# Aim of the exercise
Every line of the entries below from the one containing "then show ?case" to the one containing "(v + c \<cdot>\<^sub>v", both ends included, must be written out exactly. No other line belongs in the answer.

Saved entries
lemma sum_in_EO_directions:
  assumes u: "u \<in> carrier_vec (qdim n)" "qform n u = 0"
    and "finite K" "\<And>k. k \<in> K \<Longrightarrow> f k \<in> EO_directions n u"
  shows "vec (qdim n) (\<lambda>i. \<Sum>k\<in>K. f k $ i) \<in> EO_directions n u"
  using assms(3,4)
proof (induction K rule: finite_induct)
  case empty
  have "vec (qdim n) (\<lambda>i. \<Sum>k\<in>{}. f k $ i) = 0\<^sub>v (qdim n)" by auto
  then show ?case using zero_in_EO_directions[OF u] by simp
next
  case (insert k K)
  have "f k \<in> carrier_vec (qdim n)"
    using insert.prems esd_admissibleD(2) unfolding EO_directions_def by blast
  then have "vec (qdim n) (\<lambda>i. \<Sum>k\<in>insert k K. f k $ i) = f k + vec (qdim n) (\<lambda>i. \<Sum>k\<in>K. f k $ i)"
    using insert.hyps by auto
  moreover have "f k \<in> EO_directions n u" "vec (qdim n) (\<lambda>i. \<Sum>k\<in>K. f k $ i) \<in> EO_directions n u"
    using insert by simp_all
  ultimately show ?case using add_in_EO_directions by simp
qed

lemma add_smult_in_EO_directions_iff:
  assumes uv: "esd_admissible n u v"
  shows "v + c \<cdot>\<^sub>v u \<in> EO_directions n u \<longleftrightarrow> v \<in> EO_directions n u"
proof -
  have "esd_admissible n u (v + c \<cdot>\<^sub>v u)"
    using esd_admissibleD[OF uv] unfolding esd_admissible_def by simp
  then show ?thesis using uv esd_mat_add_smult[OF uv] unfolding EO_directions_def by simp
qed

lemma in_EO_directions_swap:
  assumes "u \<in> carrier_vec (qdim n)" "z \<in> carrier_vec (qdim n)" "qform n u = 0" "qform n z = 0"
    and "bform n u z = 0"
  shows "z \<in> EO_directions n u \<longleftrightarrow> - u \<in> EO_directions n z"
  using assms esd_mat_swap[of u n z] bform_sym[of u n z]
  unfolding EO_directions_def esd_admissible_def by (simp add: qform_uminus)

lemma in_EO_directions_coordinatewise:
  assumes u: "u \<in> carrier_vec (qdim n)" "qform n u = 0" and x: "x \<in> carrier_vec (qdim n)"
    and coord: "\<And>j. j < qdim n \<Longrightarrow> x $ j \<cdot>\<^sub>v unit_vec (qdim n) j \<in> EO_directions n u"
  shows "x \<in> EO_directions n u"
proof -
  have "vec (qdim n) (\<lambda>i. \<Sum>j<qdim n. (x $ j \<cdot>\<^sub>v unit_vec (qdim n) j) $ i) = x"
    using x by (intro eq_vecI) (auto simp: if_distrib[of "\<lambda>t. _ * t"] cong: if_cong)
  then show ?thesis
    using sum_in_EO_directions[OF u finite_lessThan[of "qdim n"], where f = "\<lambda>j. x $ j \<cdot>\<^sub>v unit_vec (qdim n) j"] coord
    by simp
qed

section \<open>Vectors orthogonal to u\<close>

(* <u,e_b> e_a - <u,e_a> e_b for a, b <> 0, i.e. the contraction of e_a /\ e_b with u. *)
definition wedge_orth :: "nat \<Rightarrow> 'a::comm_ring_1 vec \<Rightarrow> nat \<Rightarrow> nat \<Rightarrow> 'a vec" where
  "wedge_orth n u a b = u $ partner b \<cdot>\<^sub>v unit_vec (qdim n) a - u $ partner a \<cdot>\<^sub>v unit_vec (qdim n) b"

lemma wedge_orth_carrier [simp]: "wedge_orth n u a b \<in> carrier_vec (qdim n)"
  and wedge_orth_dim [simp]: "dim_vec (wedge_orth n u a b) = qdim n"
  unfolding wedge_orth_def by simp_all

lemma wedge_orth_index:
  "i < qdim n \<Longrightarrow> a < qdim n \<Longrightarrow> b < qdim n \<Longrightarrow>
   wedge_orth n u a b $ i = (if i = a then u $ partner b else 0) - (if i = b then u $ partner a else 0)"
  unfolding wedge_orth_def by simp

lemma bform_wedge_orth:
  assumes "u \<in> carrier_vec (qdim n)" "a < qdim n" "a \<noteq> 0" "b < qdim n" "b \<noteq> 0"
  shows "bform n u (wedge_orth n u a b) = 0"
  using assms unfolding wedge_orth_def by (simp add: bform_unit_right algebra_simps)

lemma qform_wedge_orth:
  assumes "a < qdim n" "a \<noteq> 0" "b < qdim n" "b \<noteq> 0" "b \<noteq> partner a"
  shows "qform n (wedge_orth n u a b) = 0"
  using assms unfolding wedge_orth_def
  by (simp add: qform_diff qform_smult qform_unit bform_unit_left)

lemma exists_hyperbolic_pair_avoiding:
  assumes "3 \<le> n"
  shows "\<exists>r < qdim n. r \<noteq> 0 \<and> {r, partner r} \<inter> {a, b, partner a, partner b} = {}"
proof -
  define p :: "nat \<Rightarrow> nat" where "p k = (k + 1) div 2" for k
  have p_partner: "p (partner k) = p k" for k
    unfolding p_def partner_def by (auto elim!: oddE evenE)
  obtain t where t: "t \<in> {1, 2, 3}" "t \<noteq> p a" "t \<noteq> p b"
    by (metis insertCI numeral_One numeral_eq_iff semiring_norm(86) semiring_norm(89)
        Suc_1 n_not_Suc_n numeral_3_eq_3)
  define r where "r = 2*t - 1"
  have r: "r < qdim n" "r \<noteq> 0" "p r = t" "p (partner r) = t"
    using t(1) assms p_partner[of r] unfolding r_def p_def qdim_def by auto
  then have "{r, partner r} \<inter> {a, b, partner a, partner b} = {}"
    using t p_partner by (auto simp: partner_eq_iff)
  with r show ?thesis by blast
qed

# Answer to this problem
  then show ?case using zero_in_EO_directions[OF u] by simp
next
  case (insert k K)
  have "f k \<in> carrier_vec (qdim n)"
    using insert.prems esd_admissibleD(2) unfolding EO_directions_def by blast
  then have "vec (qdim n) (\<lambda>i. \<Sum>k\<in>insert k K. f k $ i) = f k + vec (qdim n) (\<lambda>i. \<Sum>k\<in>K. f k $ i)"
    using insert.hyps by auto
  moreover have "f k \<in> EO_directions n u" "vec (qdim n) (\<lambda>i. \<Sum>k\<in>K. f k $ i) \<in> EO_directions n u"
    using insert by simp_all
  ultimately show ?case using add_in_EO_directions by simp
qed

lemma add_smult_in_EO_directions_iff:
  assumes uv: "esd_admissible n u v"
  shows "v + c \<cdot>\<^sub>v u \<in> EO_directions n u \<longleftrightarrow> v \<in> EO_directions n u"
proof -
  have "esd_admissible n u (v + c \<cdot>\<^sub>v u)"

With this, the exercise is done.